Saturday, August 14, 2010

LESSON 3

There is no title for Lesson 3.  It is what it is.  YOU MUST PUT YOURSELF FIRST!  Above all else, make sure that you have the things you need.  Make sure that YOU are taken care of.  God will help, or show you the way, or send you an angel, but it is up to you to step up and recognize, and take care of yourself. 

What I mean by that is this; If your like me, there are days when you just feel like laying in bed and dying.  I don't care if your a man or women.  There are days when it's difficult to get out of bed.  But you must.  You must get up and take care of yourself or you are no good to anyone around you.  I have found that just a simple thing like straightening my hair makes me feel better.  This is no easy feat.  It takes a good hour and a half to straighten my hair and it's a pain in the ass, but it's part of taking care of myself.  Give yourself a clean shave (men), paint your nails, do your hair, put on make up.  Even if your not going anywhere. 
Then go somewhere.

I have become a master at finding bargains and deals, shopping for little to no money, & finding free excursions. I will get into all that in a later lesson.  This lesson is about taking care of you.  It's so important to take care of yourself.  In difficult times we tend to be too depressed to take care of us.  The basic needs of the kids, or work, is about all we can handle.  "Fake it til you make it."  That's the motto I have adopted.  Pretend.  Act 'as if'.  As if your life is perfect, as if your wealthy & beautiful, as if you don't have a care in the world.  Act 'as if.'.

Last week I had to stalk my ex to get a child support check.  By stalking I mean I had to drive to his job and sit outside and wait for him to show up to pick up his pay.  When he finally did show up he came to my car window and gave me this super sad face, and 'whoa is me' tale about how he got a ticket and forgot to show up in court, and how they are going to take his license if he doesn't pay it, and that's why he can't give me child support.  I swear I even saw a tear. 

I'm so embarrassed to admit it, but I actually felt sorry for him. I actually picked up my phone to call my sister and tell her the money that I borrowed from her so I could TAKE CARE OF ME, (& baby gurl) I wouldn't be able to pay back this week.  Instead of my sisters' number pulling up, magically my phone scrolled to the text messages I had save from my crazy ex.  You know the ones.  That's where the person who once loved you and swore you where the best thing that ever happened to him, sends you texts calling you a whore and many other choice expletives.  I saved those texts, just in case I need them to prove to the court that he actually is crazy.  Magically those texts reappeared just when I was feeling so for him.  Funny how that works.

So I read all of them.  And then I marched my perfect little ass, you know, the one he'll never get to touch again, right on down to the courthouse.  I stood in line for two hours.  The whole time re-reading every text and plotting and planning on how I would take him for every penny he has!  Let him be homeless on the street.  Not me. Not my daughter.  Time to take care of me!  I'm going to make sure that I have everything I need.  Food on the table, roof over my head, hair done, nails done, and looking as good as I possibly can!

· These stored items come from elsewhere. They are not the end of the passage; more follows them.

(* Let $d\ge1$, let $\|\cdot\|$ be a norm on $\mathbb{R}^d$, let $\epsilon\ge0$, and consider either of the following two settings. (i) Least-squares regression: $k=1$, $(X,Y)$ is a random pair in $\mathbb{R}^d\times\mathbb{R}$, $\mathcal{F}$ is a class of functions $\mathbb{R}^d\to\mathbb{R}$, and the loss is $\ell(u,v)=(u-v)^2/2$. (ii) Multiclass classification: $k>1$, $\mathcal{F}$ is a class of functions from $\mathbb{R}^d$ to the unit simplex $\triangle^{k-1}=\{u\in\mathbb{R}^k: u_j\ge0,\ \sum_j u_j=1\}$, $(X,Y)$ is a random pair where $X\in\mathbb{R}^d$ and $Y$ takes values in the set of canonical basis vectors of $\mathbb{R}^k$, and the loss is the Kullback--Leibler divergence $\ell(u,v)=\sum_{j=1}^k v_j\log\frac{v_j}{u_j}$ (with the convention $0\log(0/u)=0$). In either setting, define for $f\in\mathcal{F}$ the mean local smoothness factor $$L_\epsilon(f)=\mathbb{E}\sup_{\Delta:\|\Delta\|\le\epsilon}\|f(X+\Delta)-f(X)\|_1^2.$$ Then for every $f\in\mathcal{F}$, $$R(f)+R_\epsilon(f)\ge\frac16\max\left\{L_\epsilon(f),\ \mathbb{E}\|Y-Y'\|_1^2\right\},$$ where, conditioned on $X$, $Y'$ is independent of $Y$ and has the same conditional distribution as $Y$ given $X$.
   Context: $R(f)=\mathbb{E}\,\ell(f(X),Y)$ is the standard risk and $R_\epsilon(f)=\mathbb{E}\left(\sup_{\Delta\in\mathbb{R}^d:\|\Delta\|\le\epsilon}\ell(f(X+\Delta),Y)\right)$ is the adversarial risk, with $\ell$ the loss of the respective setting. $\|\cdot\|_1$ is the $\ell_1$ norm on $\mathbb{R}^k$ (for $k=1$, the absolute value). All expectations are assumed well defined (possibly $+\infty$). *)

theory Defs
  imports "HOL-Probability.Probability"
begin

definition is_norm :: "('v::real_vector \<Rightarrow> real) \<Rightarrow> bool" where
  "is_norm N \<longleftrightarrow> (\<forall>x. N x = 0 \<longleftrightarrow> x = 0) \<and> (\<forall>c x. N (c *\<^sub>R x) = \<bar>c\<bar> * N x)
     \<and> (\<forall>x y. N (x + y) \<le> N x + N y)"

definition l1norm :: "real ^ 'k \<Rightarrow> real" where
  "l1norm u = (\<Sum>j\<in>UNIV. \<bar>u $ j\<bar>)"

definition unit_simplex :: "(real ^ 'k) set" where
  "unit_simplex = {u. (\<forall>j. 0 \<le> u $ j) \<and> (\<Sum>j\<in>UNIV. u $ j) = 1}"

And guess what.  I FEEL Better. 

I don't have money for an attorney.  But there are tons of Legal Aid foundations that are out there and will help you fill out paperwork.  In fact, they will tell you what forms you need, and then each form has instructions.  So as long as you can read, YOU can file for child support and spousal support!  And if you can't read, there are programs for that too.  Check your local library.

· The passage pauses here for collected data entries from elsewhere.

text \<open>
  The insertion/deletion distance from a word v to the constant word a^m is the number of symbols
  of v other than a plus |#a(v) - m|: delete the other symbols, then adjust the run of a's;
  conversely, this quantity changes by at most one per step. Among the words of length n the ball
  is therefore the Hamming ball of radius y = kappa* n around a^n. Its size is at most
  exp (n H(kappa*)), with H the q-ary entropy in nats: the weights
  (1 - kappa)^#a(v) (kappa / (q - 1))^(n - #a(v)) form a probability distribution on words, and
  when kappa \<le> (q - 1) / q every word of the ball weighs at least exp (- n H(kappa)). Its size is
  at least C(n, j) (q - 1)^j for j = floor y, and C(n, j) j^j (n - j)^(n - j) is the largest of the
  n + 1 terms in the binomial expansion of n^n = (j + (n - j))^n, so this is at least
  exp (n H(j / n)) / (n + 1). Passing from j to y costs O(log n).
\<close>

section \<open>Insertion/deletion distance to a constant word\<close>

lemma relpowp_map:
  assumes "\<And>x y. R x y \<Longrightarrow> S (f x) (f y)" and "(R ^^ k) x y"
  shows "(S ^^ k) (f x) (f y)"
  using assms(2)
proof (induction k arbitrary: y)
  case (Suc k)
  then obtain z where "(R ^^ k) x z" "R z y" by (auto elim: relpowp_Suc_E)
  with Suc.IH assms(1) show ?case by (blast intro: relpowp_Suc_I)
qed simp

lemma relpowp_potential_le:
  fixes f :: "'a \<Rightarrow> nat"
  assumes "\<And>x y. R x y \<Longrightarrow> f y \<le> f x + 1" and "(R ^^ k) x y"
  shows "f y \<le> f x + k"
  using assms(2)
proof (induction k arbitrary: y)
  case (Suc k)
  then obtain z where "(R ^^ k) x z" "R z y" by (auto elim: relpowp_Suc_E)
  with Suc.IH[of z] assms(1)[of z y] show ?case by simp
qed simp

lemma insdel_step_sym: "insdel_step u v \<Longrightarrow> insdel_step v u"
  unfolding insdel_step_def by blast

lemma insdel_step_Cons: "insdel_step u v \<Longrightarrow> insdel_step (x # u) (x # v)"
  unfolding insdel_step_def by (metis append_Cons)

lemma insdel_step_drop_hd: "insdel_step (x # u) u"
  unfolding insdel_step_def by (metis append_Nil)

lemma insdel_path_sym: "(insdel_step ^^ k) u v \<Longrightarrow> (insdel_step ^^ k) v u"
proof (induction k arbitrary: v)
  case (Suc k)
  then obtain w where "(insdel_step ^^ k) u w" "insdel_step w v" by (auto elim: relpowp_Suc_E)
  with Suc.IH show ?case by (metis insdel_step_sym relpowp_Suc_I2)
qed simp

lemma insdel_dist_eqI:
  assumes "(insdel_step ^^ d) u v" and "\<And>k. (insdel_step ^^ k) u v \<Longrightarrow> d \<le> k"
  shows "insdel_dist u v = d"
  unfolding insdel_dist_def using assms by (blast intro: Least_equality)

definition mismatches :: "nat \<Rightarrow> nat list \<Rightarrow> nat" where
  "mismatches a w = length (filter (\<lambda>x. x \<noteq> a) w)"

lemma count_list_add_mismatches: "count_list w a + mismatches a w = length w"
  by (induction w) (auto simp: mismatches_def)

lemma count_list_replicate_self [simp]: "count_list (replicate m a) a = m"
  by (induction m) auto

lemma insdel_path_filter: "(insdel_step ^^ mismatches a w) w (replicate (count_list w a) a)"
proof (induction w)
  case (Cons x w)
  show ?case
  proof (cases "x = a")
    case True
    with relpowp_map[where f = "Cons x" and R = insdel_step and S = insdel_step,
        OF insdel_step_Cons Cons.IH]
    show ?thesis by (simp add: mismatches_def)
  next
    case False
    with relpowp_Suc_I2[OF insdel_step_drop_hd Cons.IH] show ?thesis
      by (simp add: mismatches_def)
  qed
qed (simp add: mismatches_def)

lemma insdel_path_replicate: "(insdel_step ^^ d) (replicate (m + d) a) (replicate m a)"
proof (induction d)
  case (Suc d)
  then show ?case using insdel_step_drop_hd relpowp_Suc_I2 by (metis add_Suc_right replicate_Suc)
qed simp

lemma insdel_dist_replicate:
  "insdel_dist (replicate m a) v = mismatches a v + (count_list v a - m) + (m - count_list v a)"
proof (rule insdel_dist_eqI)
  let ?c = "count_list v a"
  have "(insdel_step ^^ ((?c - m) + (m - ?c))) (replicate ?c a) (replicate m a)"
  proof (cases "m \<le> ?c")
    case True
    then show ?thesis using insdel_path_replicate[of "?c - m" m a] by simp
  next
    case False
    then show ?thesis using insdel_path_sym[OF insdel_path_replicate[of "m - ?c" ?c a]] by simp
  qed
  with insdel_path_filter[of a v] show
    "(insdel_step ^^ (mismatches a v + (?c - m) + (m - ?c))) (replicate m a) v"
    by (metis insdel_path_sym relpowp_trans add.assoc)
next
  fix k assume path: "(insdel_step ^^ k) (replicate m a) v"
  define \<phi> where "\<phi> w = mismatches a w + (count_list w a - m) + (m - count_list w a)" for w
  have "\<phi> w' \<le> \<phi> w + 1" if "insdel_step w w'" for w w'
    using that unfolding insdel_step_def \<phi>_def mismatches_def by auto
  from relpowp_potential_le[where f = \<phi>, OF this path] show "\<phi> v \<le> k"
    by (simp add: \<phi>_def mismatches_def)
qed

lemma insdel_ball_replicate_inter_words:
  assumes "real n - z \<le> real m" and "real m \<le> real n + z"
  shows "insdel_ball q (replicate m a) z \<inter> words q n =
    {v \<in> words q n. 2 * real (mismatches a v) \<le> z + real n - real m}"
proof -
  have "real (insdel_dist (replicate m a) v) \<le> z \<longleftrightarrow>
      2 * real (mismatches a v) \<le> z + real n - real m"
    if "length v = n" for v
  proof -
    have "real (count_list v a) = real n - real (mismatches a v)"
      using count_list_add_mismatches[of v a] that by simp
    then show ?thesis
      unfolding insdel_dist_replicate using assms
      by (cases "m \<le> count_list v a") (auto simp: of_nat_diff)
  qed
  then show ?thesis
    using assms unfolding insdel_ball_def words_def by auto
qed

section \<open>Counting words by the number of mismatches\<close>

lemma finite_words: "finite (words q n)"
  unfolding words_def using finite_lists_length_eq[of "{..<q}" n] by (simp add: conj_commute)

lemma words_Suc: "words q (Suc n) = (\<lambda>(x, v). x # v) ` ({..<q} \<times> words q n)"
  unfolding words_def by (force simp: length_Suc_conv)

lemma sum_words_prod_list:
  fixes g :: "nat \<Rightarrow> 'a :: comm_semiring_1"
  shows "(\<Sum>v\<in>words q n. prod_list (map g v)) = (\<Sum>x<q. g x) ^ n"
proof (induction n)
  case 0
  have "words q 0 = {[]}" unfolding words_def by auto
  then show ?case by simp
next
  case (Suc n)
  have inj: "inj_on (\<lambda>(x, v). x # v) ({..<q} \<times> words q n)" by (auto simp: inj_on_def)
  have "(\<Sum>v\<in>words q (Suc n). prod_list (map g v)) =
      (\<Sum>(x, v)\<in>{..<q} \<times> words q n. g x * prod_list (map g v))"
    unfolding words_Suc sum.reindex[OF inj] by (rule sum.cong) auto
  also have "\<dots> = (\<Sum>x<q. g x) * (\<Sum>v\<in>words q n. prod_list (map g v))"
    by (simp add: sum_product sum.cartesian_product)
  finally show ?case using Suc.IH by simp
qed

I have been back and forth to legal aid about 20 times, no exaggeration.  I fill out the forms, then I bring them to have an attorney intern look at them, then they tell me what to correct, then I correct, then I bring them back again. And I do it over and over again until I have it right.  If your really nice, people will help you.  There is no reason to suffer, or let your kids suffer.  You know what else I learned?  I don't have any money for an attorney because my crazy ex stole it all.  But he has money.  And the judge will order him to pay attorney fees! hah!  And he can't just stop working so he doesn't have to pay child support.  There are laws against that too!

So, Ladies and gentleman.  Time to take care of yourself.  Get up and make yourself look cute, (or handsome) do whatever makes you feel your best, and you know what that is.  Do it clean and sober.  After your done, make sure you and your kids have what they need.  If that means 'show no mercy.' then 'show no mercy.'  Everyone is a child of God, and it will all work out as it should. Don't  let anyone sucker you into believing they are more important, or somehow you don't deserve to be taken care of. You do deserve it.